Personal information
- National team: Italy
- Born: 3 May 1997 (age 29) Florence, Italy

Sport
- Sport: Swimming

Medal record
Women's swimming
Representing Italy
Olympic Games
| Bronze medal – third place | 2024 Paris | 10 km open water |
World Championships
| Gold medal – first place | 2023 Fukuoka | Team open water |
| Silver medal – second place | 2025 Singapore | 5 km open water |
| Silver medal – second place | 2025 Singapore | 10 km open water |
| Silver medal – second place | 2025 Singapore | 3 km knockout sprints |
| Silver medal – second place | 2025 Singapore | Team open water |
| Bronze medal – third place | 2022 Budapest | Team open water |
European Championships
| Gold medal – first place | 2022 Rome | Team open water |
| Gold medal – first place | 2026 Paris | 10 km open water |
| Gold medal – first place | 2026 Paris | 5 km open water |
| Silver medal – second place | 2022 Rome | 10 km open water |
| Silver medal – second place | 2024 Belgrade | 5 km open water |
| Silver medal – second place | 2024 Belgrade | Team open water |
| Silver medal – second place | 2026 Paris | Team open water |
| Bronze medal – third place | 2026 Paris | 3 km knockout sprints |
European Open Water Championships
| Gold medal – first place | 2025 Stari Grad | 5 km open water |
| Silver medal – second place | 2025 Stari Grad | 10 km open water |
| Silver medal – second place | 2025 Stari Grad | Team relay |

= Ginevra Taddeucci =

Italian swimmer (born 1997)

Ginevra Taddeucci (born 3 May 1997) is an Italian swimmer.
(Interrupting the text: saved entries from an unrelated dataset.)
lemma row_unique_if_P3_leaf_column_missing:
  assumes V: "V = {l, u, l'}" and "E u l'" and "\<not> E l l'"
    and D: "minimal_dominating_set KV KE D" and "l \<notin> snd ` D"
    and "(i, x) \<in> D" "(i, y) \<in> D"
  shows "x = y"
proof (rule ccontr)
  assume "x \<noteq> y"
  have D_dom: "dominating_set KV KE D" using D unfolding minimal_dominating_set_def by blast
  then have "D \<subseteq> KV" unfolding dominating_set_def by blast
  then have "i < m" "x \<in> V" "y \<in> V" using assms(6,7) by auto
  have l_nbr: "z = u" if "E z l" for z
  proof -
    have "z \<in> {l, u, l'}" using E_in_V[OF that] V by blast
    moreover have "z \<noteq> l" "z \<noteq> l'" using that E_irrefl E_sym \<open>\<not> E l l'\<close> by blast+
    ultimately show ?thesis by blast
  qed
  have l'_nbr: "z = u" if "E l' z" for z
  proof -
    have "z \<in> {l, u, l'}" using E_in_V[OF that] V by blast
    moreover have "z \<noteq> l" "z \<noteq> l'" using that E_irrefl E_sym \<open>\<not> E l l'\<close> by blast+
    ultimately show ?thesis by blast
  qed
  have centre: "(j, u) \<in> D" if "j < m" for j
  proof -
    have "l \<in> V" using V by blast
    from dominating_set_row_meets_neighbour[OF D_dom this \<open>l \<notin> snd ` D\<close> that]
    show ?thesis using l_nbr by blast
  qed
  have "x \<noteq> l" "y \<noteq> l" using \<open>l \<notin> snd ` D\<close> assms(6,7) by force+
  with \<open>x \<in> V\<close> \<open>y \<in> V\<close> \<open>x \<noteq> y\<close> V have "x = l' \<or> y = l'" by blast
  then have l': "(i, l') \<in> D" using assms(6,7) by blast
  have "u \<noteq> l'" using \<open>E u l'\<close> E_irrefl by blast
  have "dominated_by KE (D - {(i, l')}) (i, z)" if "E l' z" for z
    using centre[OF \<open>i < m\<close>] l'_nbr[OF that] \<open>u \<noteq> l'\<close> by (auto intro: dominated_by_self)
  moreover have "dominated_by KE (D - {(i, l')}) (j, l')" if "j < m" for j
    using centre[OF that] that \<open>u \<noteq> l'\<close> \<open>E u l'\<close> by (auto intro: dominated_by_neighbour)
  ultimately show False using not_minimal_dominating_set_if_redundant[OF D_dom l'] D by blast
qed

lemma row_unique_if_P3_centre_column_missing:
  assumes V: "V = {a, u, b}" and "E u a" "E u b" "\<not> E a b"
    and D: "minimal_dominating_set KV KE D" and "u \<notin> snd ` D"
    and "(i, x) \<in> D" "(i, y) \<in> D"
  shows "x = y"
proof (rule ccontr)
  assume "x \<noteq> y"
  have D_dom: "dominating_set KV KE D" using D unfolding minimal_dominating_set_def by blast
  then have "D \<subseteq> KV" unfolding dominating_set_def by blast
  then have "i < m" "x \<in> V" "y \<in> V" using assms(7,8) by auto
  have leaf_nbr: "w = u" if "z \<in> {a, b}" "E z w" for z w
  proof -
    have "w \<in> {a, u, b}" using E_in_V[OF that(2)] V by blast
    moreover have "w \<noteq> z" using that(2) E_irrefl by blast
    moreover have "\<not> E a b" "\<not> E b a" using \<open>\<not> E a b\<close> E_sym by blast+
    ultimately show ?thesis using that by blast
  qed
  have "x \<noteq> u" "y \<noteq> u" using \<open>u \<notin> snd ` D\<close> assms(7,8) by force+
  with \<open>x \<in> V\<close> \<open>y \<in> V\<close> V have "x \<in> {a, b}" "y \<in> {a, b}" by blast+
  with \<open>x \<noteq> y\<close> have row_i: "(i, a) \<in> D" "(i, b) \<in> D" "a \<noteq> b" using assms(7,8) by blast+
  define l where "l = (if i = 0 then 1 else 0 :: nat)"
  have "l < m" "l \<noteq> i" using two_le_m unfolding l_def by auto
  have "u \<in> V" using V by blast
  from dominating_set_row_meets_neighbour[OF D_dom this \<open>u \<notin> snd ` D\<close> \<open>l < m\<close>]
  obtain z where z: "(l, z) \<in> D" "E z u" by blast
  then have "z \<in> {a, b}" using E_in_V E_irrefl V by blast
  then obtain z' where z': "z' \<in> {a, b}" "z' \<noteq> z" using \<open>a \<noteq> b\<close> by blast
  then have "(i, z) \<in> D" "(i, z') \<in> D - {(i, z)}" "E z' u"
    using row_i \<open>z \<in> {a, b}\<close> \<open>E u a\<close> \<open>E u b\<close> E_sym by auto
  have "dominated_by KE (D - {(i, z)}) (i, w)" if "E z w" for w
    using leaf_nbr[OF \<open>z \<in> {a, b}\<close> that] \<open>(i, z') \<in> D - {(i, z)}\<close> \<open>E z' u\<close> \<open>i < m\<close>
    by (auto intro: dominated_by_neighbour)
  moreover have "dominated_by KE (D - {(i, z)}) (j, z)" if "j < m" for j
  proof (cases "j = l")
    case True
    then show ?thesis using z(1) \<open>l \<noteq> i\<close> by (auto intro: dominated_by_self)
  next
    case False
    have "z \<in> V" using E_in_V[OF \<open>E z u\<close>] by blast
    with False z(1) \<open>l \<noteq> i\<close> \<open>l < m\<close> that show ?thesis by (auto intro: dominated_by_neighbour)
  qed
  ultimately show False using not_minimal_dominating_set_if_redundant[OF D_dom \<open>(i, z) \<in> D\<close>] D by blast
qed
She won a bronze medal in the 10 km open swim at the 2024 Paris Olympics.

==Career==
She was a silver medalist at the 2024 European Aquatics Championships in the Women's 5 km open swim. She was also a silver medalist in the team event at the Championships, held in Serbia.

She competed at the 2024 Summer Olympics in Paris.

==Personal life==
She was born in Florence, Italy, and lives in Lastra a Signa and used to train in Empoli.